Statistical analysis

Results are presented as individual data points and means except for ATP release curves, which are presented as mean ± SEM. Significant differences between groups were determined by Kruskal–Wallis and Mann–Whitney statistical analyses using IBM SPSS statistical analysis software, version 19 (IBM, Armonk, NY). Values of p ≤ 0.05 was considered significant, and the following notations were used in the graphs: *p ≤ 0.05, **p ≤ 0.01 and ***p ≤ 0.001.

Results

Osteocytes express P2Y receptors

RT-PCR analysis was conducted to investigate the P2 receptor mRNA profile of MLO-Y4 osteocytes and demonstrated the expression of P2Y2, P2Y4, P2Y6, P2Y12 and P2Y13 receptor mRNA, whereas it was not possible to demonstrate the expression of P2Y1 receptor mRNA (Fig. 1 and Table 2).

Fig. 1.

Fig. 1

P2Y receptor mRNA expression in MLO-Y4. Agarose gel electrophoresis visualizing RT-PCR amplified P2 receptor cDNA from reverse-transcribed MLO-Y4-derived RNA. The gel demonstrates the expression of P2Y2, P2Y4, P2Y12 and P2Y13 receptor mRNA in MLO-Y4 osteocytes. P2Y1 receptor mRNA could not be identified. DNA marker, 100 bp DNA ladder. Positive control (+), cDNA obtained from BALB mouse bone marrow, brain and spleen. Negative control (−), sterile water. bp base pairs

Table 2.

The P2Y receptor profile of MLO-Y4 osteocytes determined as the expression of mRNAs and functional receptors (agonist response)

Receptor mRNA Agonist response Selective agonist
P2Y1 ADP, 2meSATP
P2Y2 + + ATP, UTP
P2Y4 + + ATP, UTP
P2Y6 + UTP, UDP
P2Y12 + + ADP
P2Y13 + + ADP

The outcome of individual endpoints is indicated as positive (+) or negative (−)

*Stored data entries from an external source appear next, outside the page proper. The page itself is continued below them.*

text \<open>
  A path stopped at the N-th visit to w is a path to the first visit followed by N - 1 excursions
  from w back to w, and its weight factorises accordingly. For a first-visit path a and one
  excursion e, let v be the first vertex of the loop erasure of a that e visits; exchanging the
  part of a after its last visit to the earlier vertices of the loop erasure (which starts at v)
  with the part of e from its first visit to v is a weight-preserving involution on such pairs
  which turns the loop erasure of a @ e into that of the new first-visit path. Hence the weighted
  law of the loop erasure after N visits is the one after a single visit, times the (N - 1)-th
  power of the total excursion weight, and the constant cancels after conditioning.
\<close>

section \<open>Loop erasure\<close>

definition loop_erase_step :: "'a list \<Rightarrow> 'a \<Rightarrow> 'a list" where
  "loop_erase_step L y = (if y \<in> set L then takeWhile (\<lambda>z. z \<noteq> y) L @ [y] else L @ [y])"

lemma loop_erase_snoc: "loop_erase (xs @ [y]) = loop_erase_step (loop_erase xs) y"
proof (induction xs rule: loop_erase.induct)
  case 1
  then show ?case by (simp add: loop_erase_step_def)
next
  case (2 x xs)
  then show ?case by (cases "y = x") (simp_all add: loop_erase_step_def)
qed

lemma loop_erase_append: "loop_erase (xs @ ys) = foldl loop_erase_step (loop_erase xs) ys"
proof (induction ys arbitrary: xs)
  case (Cons y ys)
  from Cons.IH[of "xs @ [y]"] show ?case by (simp add: loop_erase_snoc)
qed simp

lemma loop_erase_eq_Nil_iff [simp]: "loop_erase xs = [] \<longleftrightarrow> xs = []"
  by (cases xs) auto

lemma hd_loop_erase: "hd (loop_erase xs) = hd xs"
  by (cases xs) auto

lemma last_loop_erase: "xs \<noteq> [] \<Longrightarrow> last (loop_erase xs) = last xs"
  by (induction xs rule: rev_induct) (auto simp: loop_erase_snoc loop_erase_step_def)

lemma distinct_loop_erase: "distinct (loop_erase xs)"
  by (induction xs rule: rev_induct)
    (auto simp: loop_erase_snoc loop_erase_step_def distinct_takeWhile dest: set_takeWhileD)

lemma loop_erase_distinct: "distinct xs \<Longrightarrow> loop_erase xs = xs"
  by (induction xs rule: rev_induct) (auto simp: loop_erase_snoc loop_erase_step_def)

lemma loop_erase_loop_erase_append: "loop_erase (loop_erase xs @ ys) = loop_erase (xs @ ys)"
  by (simp add: loop_erase_append loop_erase_distinct distinct_loop_erase)
theorem proposition3p1:
  fixes a b c n :: real and r :: "real \<Rightarrow> real"
  assumes "b \<noteq> 0" and "- a / b = 2 * n + 3"
    and "linear_hopf_sphere a b c r"
  shows "\<exists>C0 C1 C2 :: real.
    (\<forall>\<theta>\<in>{0<..<pi}. astigmatism r \<theta> = C0 * sin \<theta> powr (2 * n + 2)) \<and>
    (\<forall>\<theta>\<in>{0..pi}. r \<theta> = C2 * cos \<theta> + C1 + C0 *
        (sin \<theta> powr (2 * n + 2) / (2 * n + 2)
         - cos \<theta> * integral {0..\<theta>} (\<lambda>v. sin v powr (2 * n + 1))))"
proof -
  have "in_W r"
    using assms(3) by (simp add: linear_hopf_sphere_def)
  then have r': "\<And>x. (r has_real_derivative deriv r x) (at x)"
    and r'': "\<And>x. (deriv r has_real_derivative deriv (deriv r) x) (at x)"
    and poles: "deriv r 0 = 0" "deriv r pi = 0"
    and "isCont (deriv (deriv r)) 0"
    by (simp_all add: in_W_def continuous_on_eq_continuous_at)
  have "- a / b - 1 = 2 * n + 2"
    using assms(2) by simp
  then obtain C0 where s: "\<And>x. x \<in> {0<..<pi} \<Longrightarrow> astigmatism r x = C0 * sin x powr (2 * n + 2)"
    using linear_hopf_astigmatism_sin_powr[OF assms(3,1)] by metis
  have "C0 = 0 \<or> 2 * n + 2 > 0"
    using r'' poles(1) \<open>isCont (deriv (deriv r)) 0\<close> s by (rule astigmatism_sin_powr_coeff_eq_0_or_pos)
  from support_function_if_astigmatism_sin_powr[OF r' r'' poles s this]
  have "\<forall>\<theta>\<in>{0..pi}. r \<theta> = - deriv (deriv r) 0 * cos \<theta> + (r 0 + deriv (deriv r) 0) + C0 *
      (sin \<theta> powr (2 * n + 2) / (2 * n + 2)
       - cos \<theta> * integral {0..\<theta>} (\<lambda>v. sin v powr (2 * n + 1)))"
    by (simp add: algebra_simps)
  with s show ?thesis
    by blast
qed

end
(* Let $(\Omega(\mathcal{A}),d)$ be a differential calculus on a complex algebra $\mathcal{A}$ with $\mathcal{E}=\Omega^1(\mathcal{A})$ a finitely generated projective right $\mathcal{A}$-module satisfying: (1) $\mathcal{E}=\mathcal{Z}(\mathcal{E})\otimes_{\mathcal{Z}(\mathcal{A})}\mathcal{A}$; (2) $\mathcal{E}\otimes_{\mathcal{A}}\mathcal{E}=\ker(\wedge)\oplus\mathcal{F}$ with $Q=\wedge|_{\mathcal{F}}:\mathcal{F}\to\Omega^2(\mathcal{A})$ a right $\mathcal{A}$-linear isomorphism; (3) $\sigma(\omega\otimes_{\mathcal{A}}\eta)=\eta\otimes_{\mathcal{A}}\omega$ for all $\omega,\eta\in\mathcal{Z}(\mathcal{E})$. Let $\nabla_1$ be a connection on $\mathcal{E}$. Then $\nabla_1$ is a bimodule connection for the pair $(\mathcal{E},\sigma)$ if and only if $\nabla_1(\mathcal{Z}(\mathcal{E}))\subseteq\mathcal{Z}(\mathcal{E}\otimes_{\mathcal{A}}\mathcal{E})$.
   Context: A differential calculus: $\Omega(\mathcal{A})=\oplus_{j\ge0}\Omega^j(\mathcal{A})$, $\Omega^0=\mathcal{A}$, bimodules $\Omega^j$, an $\mathcal{A}$-bimodule product $\wedge$ adding degrees, $d$ of degree one with $d^2=0$ and the graded Leibniz rule, $\Omega^j$ right-spanned by $da_0\wedge\cdots\wedge da_{j-1}$. $\wedge:\mathcal{E}\otimes_{\mathcal{A}}\mathcal{E}\to\Omega^2(\mathcal{A})$ is the induced product; $\mathcal{F}$ is a right submodule; $P_{\rm sym}$ is the idempotent with image $\ker\wedge$ and kernel $\mathcal{F}$; $\sigma=2P_{\rm sym}-1$. $\mathcal{Z}(\mathcal{M})=\{m:am=ma\ \forall a\in\mathcal{A}\}$. Condition (1) means the multiplication map $\mathcal{Z}(\mathcal{E})\otimes_{\mathcal{Z}(\mathcal{A})}\mathcal{A}\to\mathcal{E}$ is an isomorphism. A connection is a $\mathbb{C}$-linear $\nabla:\mathcal{E}\to\mathcal{E}\otimes_{\mathcal{A}}\mathcal{E}$ with $\nabla(\omega a)=\nabla(\omega)a+\omega\otimes_{\mathcal{A}}da$. It is a bimodule connection for $(\mathcal{E},\sigma)$ if moreover $\nabla(ae)=a\nabla(e)+\sigma(da\otimes_{\mathcal{A}}e)$ for all $a\in\mathcal{A}$, $e\in\mathcal{E}$. *)

theory Defs
  imports Complex_Main "HOL-Library.Poly_Mapping"
begin

definition zsm :: "int \<Rightarrow> 'g::ab_group_add \<Rightarrow> 'g" where
  "zsm n x = (if 0 \<le> n then (\<Sum>_<nat n. x) else - (\<Sum>_<nat (- n). x))"

definition fsum_eval :: "('m \<Rightarrow> 'n \<Rightarrow> 'g::ab_group_add) \<Rightarrow> ('m \<times> 'n \<Rightarrow>\<^sub>0 int) \<Rightarrow> 'g" where
  "fsum_eval phi x = (\<Sum>k\<in>Poly_Mapping.keys x. zsm (Poly_Mapping.lookup x k) (phi (fst k) (snd k)))"

text \<open>The subgroup of the free abelian group on M x N generated by the
  defining relations of the balanced tensor product of a right R-module M
  (right action rm) with a left R-module N (left action lm).\<close>

inductive_set balrel ::
  "'m::ab_group_add set \<Rightarrow> 'n::ab_group_add set \<Rightarrow> 'r set \<Rightarrow> ('m \<Rightarrow> 'r \<Rightarrow> 'm) \<Rightarrow> ('r \<Rightarrow> 'n \<Rightarrow> 'n)
   \<Rightarrow> ('m \<times> 'n \<Rightarrow>\<^sub>0 int) set"
  for M N R rm lm where
  zero: "0 \<in> balrel M N R rm lm"
| addL: "m1 \<in> M \<Longrightarrow> m2 \<in> M \<Longrightarrow> n \<in> N \<Longrightarrow>
     Poly_Mapping.single (m1 + m2, n) 1 - Poly_Mapping.single (m1, n) 1 - Poly_Mapping.single (m2, n) 1
       \<in> balrel M N R rm lm"
| addR: "m \<in> M \<Longrightarrow> n1 \<in> N \<Longrightarrow> n2 \<in> N \<Longrightarrow>
     Poly_Mapping.single (m, n1 + n2) 1 - Poly_Mapping.single (m, n1) 1 - Poly_Mapping.single (m, n2) 1
       \<in> balrel M N R rm lm"
| bal: "m \<in> M \<Longrightarrow> n \<in> N \<Longrightarrow> r \<in> R \<Longrightarrow>
     Poly_Mapping.single (rm m r, n) 1 - Poly_Mapping.single (m, lm r n) 1 \<in> balrel M N R rm lm"
| add: "x \<in> balrel M N R rm lm \<Longrightarrow> y \<in> balrel M N R rm lm \<Longrightarrow> x + y \<in> balrel M N R rm lm"
| neg: "x \<in> balrel M N R rm lm \<Longrightarrow> - x \<in> balrel M N R rm lm"

definition balanced_map ::
  "'m::ab_group_add set \<Rightarrow> 'n::ab_group_add set \<Rightarrow> 'r set \<Rightarrow> ('m \<Rightarrow> 'r \<Rightarrow> 'm) \<Rightarrow> ('r \<Rightarrow> 'n \<Rightarrow> 'n)
   \<Rightarrow> ('m \<Rightarrow> 'n \<Rightarrow> 'g::ab_group_add) \<Rightarrow> bool" where
  "balanced_map M N R rm lm phi \<longleftrightarrow>
     (\<forall>m1\<in>M. \<forall>m2\<in>M. \<forall>n\<in>N. phi (m1 + m2) n = phi m1 n + phi m2 n) \<and>
     (\<forall>m\<in>M. \<forall>n1\<in>N. \<forall>n2\<in>N. phi m (n1 + n2) = phi m n1 + phi m n2) \<and>
     (\<forall>m\<in>M. \<forall>n\<in>N. \<forall>r\<in>R. phi (rm m r) n = phi m (lm r n))"

text \<open>The additive map M (x)_R N -> G induced by a balanced map phi is a
  bijection: surjective, and its kernel is exactly the relation subgroup
  (i.e. it is injective on the quotient of the free abelian group).\<close>

definition induced_map_bij ::
  "'m::ab_group_add set \<Rightarrow> 'n::ab_group_add set \<Rightarrow> 'r set \<Rightarrow> ('m \<Rightarrow> 'r \<Rightarrow> 'm) \<Rightarrow> ('r \<Rightarrow> 'n \<Rightarrow> 'n)
   \<Rightarrow> ('m \<Rightarrow> 'n \<Rightarrow> 'g::ab_group_add) \<Rightarrow> bool" where
  "induced_map_bij M N R rm lm phi \<longleftrightarrow>
     balanced_map M N R rm lm phi \<and>
     (\<forall>g. \<exists>x. Poly_Mapping.keys x \<subseteq> M \<times> N \<and> fsum_eval phi x = g) \<and>
     (\<forall>x. Poly_Mapping.keys x \<subseteq> M \<times> N \<and> fsum_eval phi x = 0 \<longrightarrow> x \<in> balrel M N R rm lm)"

abbreviation is_tensor_product where
  "is_tensor_product M N R rm lm tens \<equiv> induced_map_bij M N R rm lm tens"

definition centre_alg :: "'a::ring_1 set" where
  "centre_alg = {r. \<forall>a. r * a = a * r}"

definition centre_bimod :: "('a \<Rightarrow> 'm \<Rightarrow> 'm) \<Rightarrow> ('m \<Rightarrow> 'a \<Rightarrow> 'm) \<Rightarrow> 'm set" where
  "centre_bimod l r = {m. \<forall>a. l a m = r m a}"

definition additive :: "('g::ab_group_add \<Rightarrow> 'h::ab_group_add) \<Rightarrow> bool" where
  "additive f \<longleftrightarrow> (\<forall>x y. f (x + y) = f x + f y)"

definition complex_alg :: "(complex \<Rightarrow> 'a::ring_1) \<Rightarrow> bool" where
  "complex_alg c \<longleftrightarrow> c 1 = 1 \<and> (\<forall>z w. c (z + w) = c z + c w) \<and> (\<forall>z w. c (z * w) = c z * c w)
     \<and> (\<forall>z a. c z * a = a * c z)"

definition bimodule :: "(complex \<Rightarrow> 'a::ring_1) \<Rightarrow> ('a \<Rightarrow> 'm::ab_group_add \<Rightarrow> 'm) \<Rightarrow> ('m \<Rightarrow> 'a \<Rightarrow> 'm) \<Rightarrow> bool" where
  "bimodule c l r \<longleftrightarrow>
     (\<forall>a m n. l a (m + n) = l a m + l a n) \<and> (\<forall>a b m. l (a + b) m = l a m + l b m) \<and>
     (\<forall>a b m. l (a * b) m = l a (l b m)) \<and> (\<forall>m. l 1 m = m) \<and>
     (\<forall>a m n. r (m + n) a = r m a + r n a) \<and> (\<forall>a b m. r m (a + b) = r m a + r m b) \<and>
     (\<forall>a b m. r m (a * b) = r (r m a) b) \<and> (\<forall>m. r m 1 = m) \<and>
     (\<forall>a b m. l a (r m b) = r (l a m) b) \<and>
     (\<forall>z m. l (c z) m = r m (c z))"

text \<open>Finitely generated projective right module: a direct summand (retract,
  by right-linear maps) of a free right module A^n.\<close>

definition fgp_right :: "('m::ab_group_add \<Rightarrow> 'a::ring_1 \<Rightarrow> 'm) \<Rightarrow> bool" where
  "fgp_right r \<longleftrightarrow> (\<exists>(n::nat) (i :: 'm \<Rightarrow> nat \<Rightarrow> 'a) (p :: (nat \<Rightarrow> 'a) \<Rightarrow> 'm).
     (\<forall>m k. n \<le> k \<longrightarrow> i m k = 0) \<and>
     (\<forall>m m' k. i (m + m') k = i m k + i m' k) \<and> (\<forall>m a. i (r m a) = (\<lambda>k. i m k * a)) \<and>
     (\<forall>v w. p (\<lambda>k. v k + w k) = p v + p w) \<and> (\<forall>v a. p (\<lambda>k. v k * a) = r (p v) a) \<and>
     (\<forall>m. p (i m) = m))"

Osteocytes respond to P2Y receptor agonists

The expression of functional P2Y receptors on the osteocyte cell surface was determined by measuring the intracellular calcium response to different nucleotide analogues. First, cells were stimulated with ATP and demonstrated an increase in [Ca2+]i when stimulated with concentrations of 10 μM and above (Fig. 2a, b and Table 2), which indicate the expression of P2X1-7, P2Y2 and P2Y4 receptors. To further explore the expression of P2Y2, P2Y4 and P2Y6 receptors, cells were exposed to UTP and responded with an increase in [Ca2+]i when stimulated with concentration from 1 μM UTP and up (Fig. 2c, d). Finally, cells were exposed to P2Y1, P2Y12 and P2Y13 receptor-selective ADP and responded to 100 and 1,000 μM (Fig. 2e, f). In contrast, cells did not respond to the equally potent P2Y1 receptor-selective 2-meSATP or P2Y6 receptor-selective UDP (data not shown). Vehicle did not induce any calcium responses (n = 5).

Fig. 2.

Fig. 2

Osteocytes respond to P2 receptor agonists. Nucleotide-induced intracellular calcium responses were measured in fura-2 loaded MLO-Y4 osteocytes by exposing them to 0.1, 1, 10, 100 or 1,000 μM nucleotide. MLO-Y4 responded to ATP (a, b), UTP (c, d) and ADP (e, f) by increasing [Ca2+]i indicating the functional expression of P2Y2 and/or P2Y4, and P2Y12 and/or P2Y13 receptors. Empty grey box represents the average calcium response in each experiment, filled grey box represents the percent of cells responding in each individual experiment and filled black circle represents the mean (n = 3)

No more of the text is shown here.